Firstly, GALATEAS (LangLog) is focused on getting meaning out of these lists of queries and it is addressed to library/federation/site managers. Contrary to mainstream service in this field, GALATEAS services will not considered standard structured information of web logs (e.g. click rate, visited pages, user's paths inside the document tree) but the information contained in queries from the point of view of language interpretation.

The second challenge addressed by GALATEAS is the one of Cross Language Information Retrieval (CLIR) i.e. the capability of typing a query in one specific language and retrieving documents which are available in different languages.
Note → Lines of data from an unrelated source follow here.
text \<open>Graph distance (infinite if no path exists).\<close>
definition gdist :: "('k::division_ring \<Rightarrow> 'v::ab_group_add \<Rightarrow> 'v) \<Rightarrow> 'v set \<Rightarrow> 'v set \<Rightarrow> enat" where
  "gdist smult X Y = Inf (enat ` {n. gwalk smult X Y n})"

end

theory Submission
  imports Defs
begin

text \<open>
  Write \<open>W = X \<inter> Y\<close>. The second isomorphism theorem gives \<open>(X + Y)/X \<cong> Y/W\<close> and
  \<open>(X + Y)/Y \<cong> X/W\<close>, hence (ii) \<open>\<Leftrightarrow>\<close> (iii); and a common codimension \<open>n\<close> of \<open>X\<close> and
  \<open>Y\<close> in \<open>X + Y\<close>, if there is one, is unique.

  Along an edge \<open>Y \<sim> Z\<close> this common codimension grows by at most one (a dimension count in
  \<open>X + Y + Z\<close>), so a walk of length \<open>m\<close> from \<open>X\<close> to \<open>Y\<close> forces \<open>n \<le> m\<close>.

  Conversely, take bases \<open>Sx\<close> of \<open>X/W\<close> and \<open>Sy\<close> of \<open>Y/W\<close> and exchange the vectors of
  \<open>Sx\<close> for those of \<open>Sy\<close> one at a time; consecutive subspaces are adjacent. Each intermediate
  subspace lies in \<open>\<G>\<close>: choosing (Zorn) a complement \<open>C \<supseteq> W\<close> of \<open>span (Sx \<union> Sy)\<close>, it is
  the image of \<open>X\<close> under a linear involution of \<open>V\<close> fixing \<open>C\<close> and permuting \<open>Sx \<union> Sy\<close>,
  and such an automorphism transports an isomorphism \<open>X \<cong> V/X\<close>.
\<close>

lemma partial_swap_exists:
  assumes bij: "bij_betw \<sigma> Sx Sy" and disj: "Sx \<inter> Sy = {}" and J: "J \<subseteq> Sx"
  obtains \<tau> where "\<And>t. t \<in> Sx \<union> Sy \<Longrightarrow> \<tau> t \<in> Sx \<union> Sy"
    "\<And>t. t \<in> Sx \<union> Sy \<Longrightarrow> \<tau> (\<tau> t) = t" "\<tau> ` Sx = (Sx - J) \<union> \<sigma> ` J"
proof -
  define \<tau> where
    "\<tau> t = (if t \<in> J then \<sigma> t else if t \<in> \<sigma> ` J then inv_into Sx \<sigma> t else t)" for t
  have inj: "inj_on \<sigma> Sx" and im: "\<sigma> ` Sx = Sy" using bij by (auto simp: bij_betw_def)
  have \<sigma>J: "\<sigma> s \<in> Sy" "\<sigma> s \<notin> J" if "s \<in> J" for s using that J im disj by auto
  have \<tau>J: "\<tau> s = \<sigma> s" if "s \<in> J" for s using that by (simp add: \<tau>_def)
  have \<tau>\<sigma>J: "\<tau> (\<sigma> s) = s" if "s \<in> J" for s
    using that \<sigma>J[OF that] J inv_into_f_f[OF inj] by (auto simp: \<tau>_def)
  have \<tau>id: "\<tau> t = t" if "t \<notin> J" "t \<notin> \<sigma> ` J" for t using that by (simp add: \<tau>_def)
  have trichotomy: "(t \<in> J \<Longrightarrow> P) \<Longrightarrow> (\<And>s. s \<in> J \<Longrightarrow> t = \<sigma> s \<Longrightarrow> P)
      \<Longrightarrow> (t \<notin> J \<Longrightarrow> t \<notin> \<sigma> ` J \<Longrightarrow> P) \<Longrightarrow> P" for t P
    by blast
  have "\<tau> t \<in> Sx \<union> Sy" if "t \<in> Sx \<union> Sy" for t
    by (rule trichotomy[of t]) (use that J \<sigma>J \<tau>J \<tau>\<sigma>J \<tau>id in auto)
  moreover have "\<tau> (\<tau> t) = t" for t
    by (rule trichotomy[of t]) (use \<sigma>J \<tau>J \<tau>\<sigma>J \<tau>id in auto)
  moreover have "\<tau> ` Sx = (Sx - J) \<union> \<sigma> ` J"
  proof
    have \<sigma>J_Sx: "\<sigma> ` J \<inter> Sx = {}" using \<sigma>J disj by blast
    show "\<tau> ` Sx \<subseteq> (Sx - J) \<union> \<sigma> ` J"
    proof
      fix u assume "u \<in> \<tau> ` Sx"
      then obtain t where t: "t \<in> Sx" "u = \<tau> t" by blast
      show "u \<in> (Sx - J) \<union> \<sigma> ` J"
      proof (cases "t \<in> J")
        case True
        then show ?thesis using t \<tau>J by blast
      next
        case False
        moreover have "t \<notin> \<sigma> ` J" using t \<sigma>J_Sx by blast
        ultimately have "u = t" using t \<tau>id by simp
        then show ?thesis using t False by blast
      qed
    qed
    have "\<sigma> s \<in> \<tau> ` Sx" if "s \<in> J" for s
      using that J \<tau>J[OF that] by (metis image_eqI subsetD)
    moreover have "t \<in> \<tau> ` Sx" if "t \<in> Sx - J" for t
    proof -
      have "t \<notin> \<sigma> ` J" using that \<sigma>J_Sx by blast
      then have "\<tau> t = t" using that \<tau>id by blast
      then show ?thesis using that by (metis DiffD1 image_eqI)
    qed
    ultimately show "(Sx - J) \<union> \<sigma> ` J \<subseteq> \<tau> ` Sx" by blast
  qed
  ultimately show ?thesis using that by blast
qed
PASCAL-2: Pattern Analysis, Statistical Modeling and Computational Learning
   Duration: 2010-2013
Role: Site Manager
Funder: European Commission, European Network of Excellence
Partners: See website
Website: http://pascallin2.ecs.soton.ac.uk/
Summary: The PASCAL Network of Excellence has created a distributed institute pioneering principled methods of pattern analysis, statistical modeling, and computational learning as core enabling technologies for multimodal interfaces that are capable of natural and seamless interaction with and among individual human users. The resulting expertise has been applied to problems relevant to both multi-modal interfaces and cognitive systems. PASCAL2 will enable a refocusing of the Institute towards the emerging challenges created by the ever expanding applications of adaptive systems technology and their central role in the development of large scale cognitive systems. Furthermore, the funding will enable the Institute to engage in technology transfer through an Industrial Club to effect rapid deployment of the developed technologies into a wide variety of applications, while undertaking a brokerage of expertise and public outreach programme to communicate the value and relevance of the achieved results.

CCCT: Center for Content, Creation and Technology
   Duration: 2010-2012
Role: Sub-Project Leader
Funder: Platform Betatechniek
Summary: The Center for Creation, Content and Technology is the University of Amsterdam and the Hogeschool of Amsterdam's response to the scientific, innovative and educational challenges that digital content presents us with. It brings together the University of Amsterdam's acknowledged strengths in Computer Science, Media Studies, and Communication Theory, and the Hogeschool of Amsterdam's Medialab in a unique multi-disciplinary setting.

Completed Projects:

Information Retrieval for Data Selection in Machine Translation
   Duration: 2006-2008
Funder: Nuffield Organization
Role: Principal Investigator
Summary: Well-performing statistical MT approaches require very large amounts of training data to achieve this quality, The challenge is to select those subsets within the training data that are most likely to be relevant for a given document or sentence that needs to be translated. This project investigates how information retrieval techniques can be used to build more contextually sensitive methods for identifying training data for building language models used for machine translation.